Search the records for lines that contain the word "dots". Copy them all.

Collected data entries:
------------------------------

lemma D_map_eq_S_map:
  assumes "r \<in> fc_mod (S_cpx (n + 1) p) m"
  shows "D_map M n x m r = S_map M (n + 1) (fc_d M n x) m r"
  using assms by (auto simp: D_map_def S_map_def S_cpx_def split: if_splits)

end

context fhom
begin

lemma f_D_map:
  assumes "x \<in> fc_mod M n"
  shows "f m (D_map M n x m r) = D_map N n (f n x) m r"
  using assms f_scale f_d M.d_mod by (simp add: D_map_def)

lemma f_S_map:
  assumes "z \<in> fc_mod M n"
  shows "f m (S_map M n z m r) = S_map N n (f n z) m r"
  using assms f_scale by (simp add: S_map_def)

lemma f_comp_D_map:
  assumes b: "is_fhom (D_cpx n p) N b" and x: "x \<in> fc_mod M n" and fx: "f n x = b n 1"
    and r: "r \<in> fc_mod (D_cpx n p) m"
  shows "f m (D_map M n x m r) = b m r"
  using f_D_map[OF x] N.fhom_D_cpx_eq_D_map[OF b r] fx by simp

lemma has_rlp_zero_D_iff:
  "has_rlp (zero_cpx :: ('r, 'r) fcomplex) (D_cpx n p) (\<lambda>m x. 0) M N f \<longleftrightarrow>
     (\<forall>y\<in>fc_filt N p n. \<exists>x\<in>fc_filt M p n. f n x = y)"
proof
  assume rlp: "has_rlp (zero_cpx :: ('r, 'r) fcomplex) (D_cpx n p) (\<lambda>m x. 0) M N f"
  show "\<forall>y\<in>fc_filt N p n. \<exists>x\<in>fc_filt M p n. f n x = y"
  proof
    fix y assume y: "y \<in> fc_filt N p n"
    have "\<forall>m. \<forall>r\<in>fc_mod (zero_cpx :: ('r, 'r) fcomplex) m. f m 0 = D_map N n y m 0"
      by (simp add: D_map_def)
    then obtain h where h: "is_fhom (D_cpx n p) M h"
        "\<forall>m. \<forall>r\<in>fc_mod (D_cpx n p) m. f m (h m r) = D_map N n y m r"
      using rlp M.fhom_zero_cpx N.fhom_D_map[OF y] unfolding has_rlp_def by blast
    then have "f n (h n 1) = y"
      by (simp add: D_cpx_def D_map_def)
    then show "\<exists>x\<in>fc_filt M p n. f n x = y"
      using M.fhom_D_cpx_generator[OF h(1)] by blast
  qed
next
  assume surj: "\<forall>y\<in>fc_filt N p n. \<exists>x\<in>fc_filt M p n. f n x = y"
  show "has_rlp (zero_cpx :: ('r, 'r) fcomplex) (D_cpx n p) (\<lambda>m x. 0) M N f"
    unfolding has_rlp_def
  proof (intro allI impI, elim conjE)
    fix a b assume a: "is_fhom (zero_cpx :: ('r, 'r) fcomplex) M a" and b: "is_fhom (D_cpx n p) N b"
    obtain x where x: "x \<in> fc_filt M p n" "f n x = b n 1"
      using surj N.fhom_D_cpx_generator[OF b] by blast
    have "\<forall>m. \<forall>r\<in>fc_mod (zero_cpx :: ('r, 'r) fcomplex) m. D_map M n x m 0 = a m r"
      using M.fhom_zero[OF a] by (simp add: D_map_def zero_cpx_def)
    moreover have "\<forall>m. \<forall>r\<in>fc_mod (D_cpx n p) m. f m (D_map M n x m r) = b m r"
      using f_comp_D_map[OF b M.filt_mod[OF x(1)] x(2)] by blast
    ultimately show "\<exists>h. is_fhom (D_cpx n p) M h \<and>
        (\<forall>m. \<forall>r\<in>fc_mod (zero_cpx :: ('r, 'r) fcomplex) m. h m 0 = a m r) \<and>
        (\<forall>m. \<forall>r\<in>fc_mod (D_cpx n p) m. f m (h m r) = b m r)"
      using M.fhom_D_map[OF x(1)] by blast
  qed
qed
(* For $p,q>0$, $x\ge0$ and $0\le y\le 1$, $$B_{p,q}(x,y)=B_{p,q+1}(x,y)-\frac{e^{-x/2}}{qB(p,q)}\,y^p(1-y)^q M\!\left(p+q,p,\tfrac12xy\right),$$ and the same identity holds for $\bar B_{p,q}(x,y)$ with the sign of the last term reversed. Moreover, if in addition $p>1$, then $$B_{p,q}(x,y)=B_{p-1,q+1}(x,y)-\frac{e^{-x/2}}{qB(p,q)}\,y^{p-1}(1-y)^q M\!\left(p+q,p,\tfrac12xy\right).$$
   Context: For $p,q>0$ and $0\le y\le 1$, $I_y(p,q)=\frac{1}{B(p,q)}\int_0^y t^{p-1}(1-t)^{q-1}\,dt$ is the regularized incomplete beta function, with $B(p,q)=\Gamma(p)\Gamma(q)/\Gamma(p+q)$. The cumulative noncentral beta distribution is $B_{p,q}(x,y)=e^{-x/2}\sum_{j=0}^\infty \frac{1}{j!}\left(\frac x2\right)^j I_y(p+j,q)$ for $x\ge0$, and its complement is $\bar B_{p,q}(x,y)=1-B_{p,q}(x,y)$. $M(a,b,z)=\sum_{n\ge0}\frac{(a)_n}{(b)_n}\frac{z^n}{n!}$ is Kummer's confluent hypergeometric function, and $(a)_n$ is the Pochhammer symbol. *)

theory Defs
  imports "HOL-Analysis.Analysis"
begin

definition inc_beta_reg :: "real \<Rightarrow> real \<Rightarrow> real \<Rightarrow> real" where
  "inc_beta_reg y p q =
     (LBINT t=0..y. t powr (p - 1) * (1 - t) powr (q - 1)) / Beta p q"

definition nc_beta_cdf :: "real \<Rightarrow> real \<Rightarrow> real \<Rightarrow> real \<Rightarrow> real" where
  "nc_beta_cdf p q x y =
     exp (- x / 2) * (\<Sum>j. (1 / fact j) * (x / 2) ^ j * inc_beta_reg y (p + real j) q)"

definition nc_beta_ccdf :: "real \<Rightarrow> real \<Rightarrow> real \<Rightarrow> real \<Rightarrow> real" where
  "nc_beta_ccdf p q x y = 1 - nc_beta_cdf p q x y"

definition kummerM :: "real \<Rightarrow> real \<Rightarrow> real \<Rightarrow> real" where
  "kummerM a b z = (\<Sum>n. pochhammer a n / pochhammer b n * z ^ n / fact n)"
lemma locally_integrable_continuous_approx:
  fixes f :: "'a::euclidean_space \<Rightarrow> 'b::euclidean_space"
  assumes f: "locally_integrable f" and e: "0 < e"
  obtains c h where "continuous_on UNIV c" "h \<in> borel_measurable borel"
    "\<And>y. norm (f y - c y) \<le> h y" "\<And>y. 0 \<le> h y"
    "(\<integral>\<^sup>+ y. ennreal (h y) * indicator (cball 0 R) y \<partial>lborel) \<le> ennreal e"
proof -
  let ?B = "cball (0::'a) R"
  have [measurable]: "f \<in> borel_measurable borel"
    and fin: "(\<integral>\<^sup>+ y. ennreal (norm (f y)) * indicator ?B y \<partial>lborel) < \<infinity>"
    using f unfolding locally_integrable_def by auto
  obtain M where M: "0 < M"
    and trunc: "(\<integral>\<^sup>+ y. ennreal (norm (f y - radial_trunc M (f y))) * indicator ?B y \<partial>lborel) < e / 2"
    using L1_approx_radial_trunc[OF _ _ fin, of "ennreal (e / 2)"] e by auto
  obtain g where g: "continuous_on UNIV g"
    and approx: "(\<integral>\<^sup>+ y. ennreal (norm (radial_trunc M (f y) - radial_trunc M (g y))) * indicator ?B y \<partial>lborel)
      < e / 2"
    using L1_approx_radial_trunc_continuous[of f ?B M "ennreal (e / 2)"] M e
      emeasure_bounded_finite[of ?B] by auto
  define c where "c y = radial_trunc M (g y)" for y
  define h where "h y = norm (f y - radial_trunc M (f y)) + norm (radial_trunc M (f y) - c y)" for y
  have c: "continuous_on UNIV c"
    unfolding c_def by (rule continuous_on_compose2[OF continuous_on_radial_trunc g]) auto
  note [measurable] = borel_measurable_continuous_onI[OF c]
  have [measurable]: "h \<in> borel_measurable borel" unfolding h_def by measurable
  have "(\<integral>\<^sup>+ y. ennreal (h y) * indicator ?B y \<partial>lborel)
      = (\<integral>\<^sup>+ y. ennreal (norm (f y - radial_trunc M (f y))) * indicator ?B y \<partial>lborel)
        + (\<integral>\<^sup>+ y. ennreal (norm (radial_trunc M (f y) - c y)) * indicator ?B y \<partial>lborel)"
    by (subst nn_integral_add[symmetric])
      (auto intro!: nn_integral_cong simp: h_def indicator_def ennreal_plus)
  also have "\<dots> \<le> ennreal (e / 2) + ennreal (e / 2)"
    using trunc approx unfolding c_def by (intro add_mono) auto
  also have "\<dots> = ennreal e" using e by (simp flip: ennreal_plus)
  finally have "(\<integral>\<^sup>+ y. ennreal (h y) * indicator ?B y \<partial>lborel) \<le> ennreal e" .
  moreover have "norm (f y - c y) \<le> h y" for y
    unfolding h_def using norm_triangle_ineq[of "f y - radial_trunc M (f y)" "radial_trunc M (f y) - c y"]
    by simp
  ultimately show ?thesis
    by (intro that[of c h] c) (auto simp: h_def)
qed

lemma nn_integral_translate_cball_le:
  fixes g :: "'a::euclidean_space \<Rightarrow> ennreal"
  assumes [measurable]: "g \<in> borel_measurable borel" and v: "norm v \<le> 1"
  shows "(\<integral>\<^sup>+ y. g (y - v) * indicator (cball 0 \<rho>) y \<partial>lborel)
           \<le> (\<integral>\<^sup>+ y. g y * indicator (cball 0 (\<rho> + 1)) y \<partial>lborel)"
proof -
  have "(\<integral>\<^sup>+ y. g (y - v) * indicator (cball 0 \<rho>) y \<partial>lborel)
      = (\<integral>\<^sup>+ u. g (u + v - v) * indicator (cball 0 \<rho>) (u + v) \<partial>lborel)"
    by (rule nn_integral_lborel_translate) measurable
  also have "\<dots> = (\<integral>\<^sup>+ u. g u * indicator (cball 0 \<rho>) (u + v) \<partial>lborel)"
    by simp
  also have "\<dots> \<le> (\<integral>\<^sup>+ u. g u * indicator (cball 0 (\<rho> + 1)) u \<partial>lborel)"
  proof (intro nn_integral_mono)
    fix u
    have "norm u \<le> norm (u + v) + norm v" using norm_triangle_ineq4[of "u + v" v] by simp
    then show "g u * indicator (cball 0 \<rho>) (u + v) \<le> g u * indicator (cball 0 (\<rho> + 1)) u"
      using v by (auto simp: indicator_def)
  qed
  finally show ?thesis .
qed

------------------------------

_EXERCISE ANSWER:_
  also have "\<dots> \<le> ennreal (e / 2) + ennreal (e / 2)"
  also have "\<dots> = ennreal e" using e by (simp flip: ennreal_plus)
  also have "\<dots> = (\<integral>\<^sup>+ u. g u * indicator (cball 0 \<rho>) (u + v) \<partial>lborel)"
  also have "\<dots> \<le> (\<integral>\<^sup>+ u. g u * indicator (cball 0 (\<rho> + 1)) u \<partial>lborel)"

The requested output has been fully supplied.